I can take all duty and powder i obtained and mix togheter, then wash with hot HCL and then wash with HOT water to remove all base metals.
Once washed i can filter and melt all new powder obtained to make a new "one piece" to make another electrolisis.

Will this work ?


----------



## calgoldrecyclers (Mar 31, 2008)

Now, if i understand correctly, you were attempting to refine your 18 and 22 K into 24K? why did you have your slab in a bath? why not refine in heat or acid? were you attempting to recover base metals out of the 18 and 22 k? thats a mighty expensive experiment you've got going there.
you should never melt a pm into a cm. always use inert materials.


----------



## ALPHABiT (Mar 31, 2008)

> Now, if i understand correctly, you were attempting to refine your 18 and 22 K into 24K?



Yes, this is process i'm working on. Really not for only 18 and 22 but all kind of karats (solid gold).



> why did you have your slab in a bath? why not refine in heat or acid?



Because i prefer electrolisis. U can use this process indoor too.



> were you attempting to recover base metals out of the 18 and 22 k?



If all will work fin e next time, i will expeect other metals than gold will be in solution after smb dropping.



> thats a mighty expensive experiment you've got going there.
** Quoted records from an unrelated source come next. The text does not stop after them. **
(* The population size of Global SEMO (with fitness $f(x)=(Cost(x),LP(x))$) on the weighted vertex cover problem is at all times upper bounded by $2\cdot OPT+1$.
   Context: Weighted vertex cover: $G=(V,E)$, $V=\{v_1,\dots,v_n\}$, $w:V\to\mathbb{N}^+$; $OPT$ is the minimum weight of a vertex cover. Search points $x\in\{0,1\}^n$; $Cost(x)=\sum_i w(v_i)x_i$; $G(x)$ is $G$ with selected vertices and edges having a selected endpoint removed; $LP(x)$ is the optimal value of: minimize $\sum_{v_i\in V(x)}w(v_i)y_i$ s.t. $y_i+y_j\ge1$ for edges $\{v_i,v_j\}$ of $G(x)$, $0\le y_i\le1$. $f(x)\le f(y)$ means componentwise $\le$. Global SEMO: start with a uniformly random $x$, $P=\{x\}$; each iteration choose $x\in P$ uniformly at random, create $x'$ by flipping each bit independently with probability $1/n$; if no $y\in P$ has $f(y)\le f(x')$, add $x'$ to $P$ and delete all other $z\in P$ with $f(x')\le f(z)$. *)

theory Defs
  imports "HOL-Probability.Probability"
begin

text \<open>Vertices are v_0,...,v_{n-1}, represented by indices i < n. A search point is a bit string x, represented as a function nat => bool whose
  values at indices >= n are irrelevant (and are False for every point SEMO generates).\<close>

definition is_graph :: "nat \<Rightarrow> nat set set \<Rightarrow> bool" where
  "is_graph n E \<longleftrightarrow> (\<forall>e\<in>E. \<exists>i j. e = {i, j} \<and> i < n \<and> j < n \<and> i \<noteq> j)"

definition Cost :: "nat \<Rightarrow> (nat \<Rightarrow> nat) \<Rightarrow> (nat \<Rightarrow> bool) \<Rightarrow> nat" where
  "Cost n w x = (\<Sum>i<n. w i * (if x i then 1 else 0))"

definition is_vertex_cover :: "nat \<Rightarrow> nat set set \<Rightarrow> (nat \<Rightarrow> bool) \<Rightarrow> bool" where
  "is_vertex_cover n E x \<longleftrightarrow> (\<forall>e\<in>E. \<exists>i\<in>e. i < n \<and> x i)"

definition OPT :: "nat \<Rightarrow> nat set set \<Rightarrow> (nat \<Rightarrow> nat) \<Rightarrow> nat" where
  "OPT n E w = (LEAST c. \<exists>x. is_vertex_cover n E x \<and> Cost n w x = c)"

definition rem_vertices :: "nat \<Rightarrow> (nat \<Rightarrow> bool) \<Rightarrow> nat set" where
  "rem_vertices n x = {i. i < n \<and> \<not> x i}"

definition rem_edges :: "nat set set \<Rightarrow> (nat \<Rightarrow> bool) \<Rightarrow> nat set set" where
  "rem_edges E x = {e \<in> E. \<forall>i\<in>e. \<not> x i}"

definition LP :: "nat \<Rightarrow> nat set set \<Rightarrow> (nat \<Rightarrow> nat) \<Rightarrow> (nat \<Rightarrow> bool) \<Rightarrow> real" where
  "LP n E w x = Inf {(\<Sum>i\<in>rem_vertices n x. real (w i) * y i) | y :: nat \<Rightarrow> real.
       (\<forall>e\<in>rem_edges E x. \<forall>i j. e = {i, j} \<longrightarrow> y i + y j \<ge> 1) \<and>
       (\<forall>i\<in>rem_vertices n x. 0 \<le> y i \<and> y i \<le> 1)}"

definition fit_le :: "nat \<Rightarrow> nat set set \<Rightarrow> (nat \<Rightarrow> nat) \<Rightarrow> (nat \<Rightarrow> bool) \<Rightarrow> (nat \<Rightarrow> bool) \<Rightarrow> bool" where
  "fit_le n E w x y \<longleftrightarrow> real (Cost n w x) \<le> real (Cost n w y) \<and> LP n E w x \<le> LP n E w y"

definition init_pmf :: "nat \<Rightarrow> (nat \<Rightarrow> bool) pmf" where
  "init_pmf n = Pi_pmf {..<n} False (\<lambda>_. bernoulli_pmf (1/2))"

definition mutate :: "nat \<Rightarrow> (nat \<Rightarrow> bool) \<Rightarrow> (nat \<Rightarrow> bool) pmf" where
  "mutate n x = map_pmf (\<lambda>m i. x i \<noteq> m i) (Pi_pmf {..<n} False (\<lambda>_. bernoulli_pmf (1 / real n)))"

definition semo_step :: "nat \<Rightarrow> nat set set \<Rightarrow> (nat \<Rightarrow> nat) \<Rightarrow> (nat \<Rightarrow> bool) set \<Rightarrow> (nat \<Rightarrow> bool) set pmf" where
  "semo_step n E w P =
     pmf_of_set P \<bind> (\<lambda>x. mutate n x \<bind> (\<lambda>x'. return_pmf
       (if (\<exists>y\<in>P. fit_le n E w y x') then P
        else insert x' {z \<in> P. \<not> fit_le n E w x' z})))"

fun semo_pop :: "nat \<Rightarrow> nat set set \<Rightarrow> (nat \<Rightarrow> nat) \<Rightarrow> nat \<Rightarrow> (nat \<Rightarrow> bool) set pmf" where
  "semo_pop n E w 0 = map_pmf (\<lambda>x. {x}) (init_pmf n)"
| "semo_pop n E w (Suc t) = semo_pop n E w t \<bind> semo_step n E w"

end

theory Submission
  imports Defs
begin

text \<open>Costs are natural numbers, so two search points with the same LP value are comparable;
  as the members of a SEMO population are pairwise incomparable, their LP values are distinct.
  The vertex cover LP is half-integral: a feasible point with fractional coordinates outside
  {0, 1/2, 1} can be shifted, in the cheaper of two directions, until one more coordinate becomes
  half-integral. Hence LP(x) lies in {0, 1/2, ..., OPT}, a set of 2 OPT + 1 values.\<close>

definition half_integral :: "real \<Rightarrow> bool" where
  "half_integral a \<longleftrightarrow> a = 0 \<or> a = 1/2 \<or> a = 1"

definition vc_lp_feasible :: "nat set \<Rightarrow> nat set set \<Rightarrow> (nat \<Rightarrow> real) \<Rightarrow> bool" where
  "vc_lp_feasible V Ed y \<longleftrightarrow>
     (\<forall>e\<in>Ed. \<forall>i j. e = {i, j} \<longrightarrow> 1 \<le> y i + y j) \<and> (\<forall>i\<in>V. 0 \<le> y i \<and> y i \<le> 1)"

definition fractional_coords :: "nat set \<Rightarrow> (nat \<Rightarrow> real) \<Rightarrow> nat set" where
  "fractional_coords V y = {i \<in> V. \<not> half_integral (y i)}"

definition shift_direction :: "real \<Rightarrow> real" where
  "shift_direction a = (if 0 < a \<and> a < 1/2 then 1 else if 1/2 < a \<and> a < 1 then -1 else 0)"

definition shift :: "(nat \<Rightarrow> real) \<Rightarrow> real \<Rightarrow> nat \<Rightarrow> real" where
  "shift y t i = y i + t * shift_direction (y i)"

lemma fractional_coords_iff:
  assumes "vc_lp_feasible V Ed y" "i \<in> V"
  shows "i \<in> fractional_coords V y \<longleftrightarrow> (0 < y i \<and> y i < 1/2) \<or> (1/2 < y i \<and> y i < 1)"
  using assms unfolding fractional_coords_def vc_lp_feasible_def half_integral_def by force

lemma shift_cost:
  "(\<Sum>i\<in>V. w i * shift y t i) = (\<Sum>i\<in>V. w i * y i) + t * (\<Sum>i\<in>V. w i * shift_direction (y i))"
  unfolding shift_def by (simp add: algebra_simps sum.distrib sum_distrib_left)

lemma shift_feasible:
  assumes feas: "vc_lp_feasible V Ed y" and edges: "\<forall>e\<in>Ed. e \<subseteq> V"
    and low: "\<forall>i\<in>V. 0 < y i \<and> y i < 1/2 \<longrightarrow> 0 \<le> y i + t \<and> y i + t \<le> 1/2"
    and high: "\<forall>i\<in>V. 1/2 < y i \<and> y i < 1 \<longrightarrow> 1/2 \<le> y i - t \<and> y i - t \<le> 1"
  shows "vc_lp_feasible V Ed (shift y t)"
proof -
  have shifted: "(0 < y i \<and> y i < 1/2 \<and> shift y t i = y i + t \<and> 0 \<le> shift y t i)
      \<or> (1/2 < y i \<and> y i < 1 \<and> shift y t i = y i - t \<and> 1/2 \<le> shift y t i)
      \<or> (half_integral (y i) \<and> shift y t i = y i)" if "i \<in> V" for i
    using feas that low high
    unfolding vc_lp_feasible_def shift_def shift_direction_def half_integral_def by force
  have "1 \<le> shift y t i + shift y t j" if "e \<in> Ed" "e = {i, j}" for e i j
  proof -
    have "i \<in> V" "j \<in> V" "1 \<le> y i + y j" using that edges feas unfolding vc_lp_feasible_def by auto
    then show ?thesis using shifted[of i] shifted[of j] unfolding half_integral_def by auto
  qed
  moreover have "0 \<le> shift y t i \<and> shift y t i \<le> 1" if "i \<in> V" for i
    using shifted[OF that] feas that low high unfolding vc_lp_feasible_def half_integral_def by auto
  ultimately show ?thesis unfolding vc_lp_feasible_def by blast
qed

lemma shift_fractional_coords_subset:
  assumes "vc_lp_feasible V Ed y"
  shows "fractional_coords V (shift y t) \<subseteq> fractional_coords V y"
  using assms unfolding fractional_coords_def vc_lp_feasible_def shift_def shift_direction_def
    half_integral_def by auto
Why do you say that ? Except furnace and power supply i got, i spent about 100$ for items and reagents (reagents for many batches).



> you should never melt a pm into a cm. always use inert materials.



Sorry cant understand "PM" and "CM" acronyms. Maybe u was trying to tell me i dont need to melt all my results of this first bad process after washing to try to repeat it ?

Ty.


----------



## Irons (Mar 31, 2008)

You can't use stainless steel tongs to hold your Gold Anode. The steel will go into solution and also precipitate the Gold.

Get a bit of Pt/Rh thermocouple wire.

Your ceramic cup is too porous. The pores have to bee .5 microns or less. The purple stain shows that the Gold is bleeding through.


----------



## Noxx (Mar 31, 2008)

Irons said:


> Get a bit of Pt/Rh thermocouple wire.



Yes if you have a lot of money lol. Graphite rods are a much cheaper alternative and works pretty well.


----------



## calgoldrecyclers (Mar 31, 2008)

Ty,
i was thinking you were experimenting with the electrolitic method, ( which could be costly as the end result of losing pm ( precious metal) and cm, or commonly bm ( cm- common metals, bm- base metals). i honestly cant say i have ever heard of anyone refining pms with electrolitic methods. dont get me wrong, i just didnt understand the method. if it works for you, great. sorry i couldnt help more.


----------



## ALPHABiT (Mar 31, 2008)

> Graphite rods are a much cheaper alternative and works pretty well.



Can i put graphite rods in solution during power up ?

will not it make duty my solution ?

Because i discovered a professional graphite company who can make me all graphite form items i like. (just to ask some graphite climbs or something like a graphite net-basket tu put into...)


----------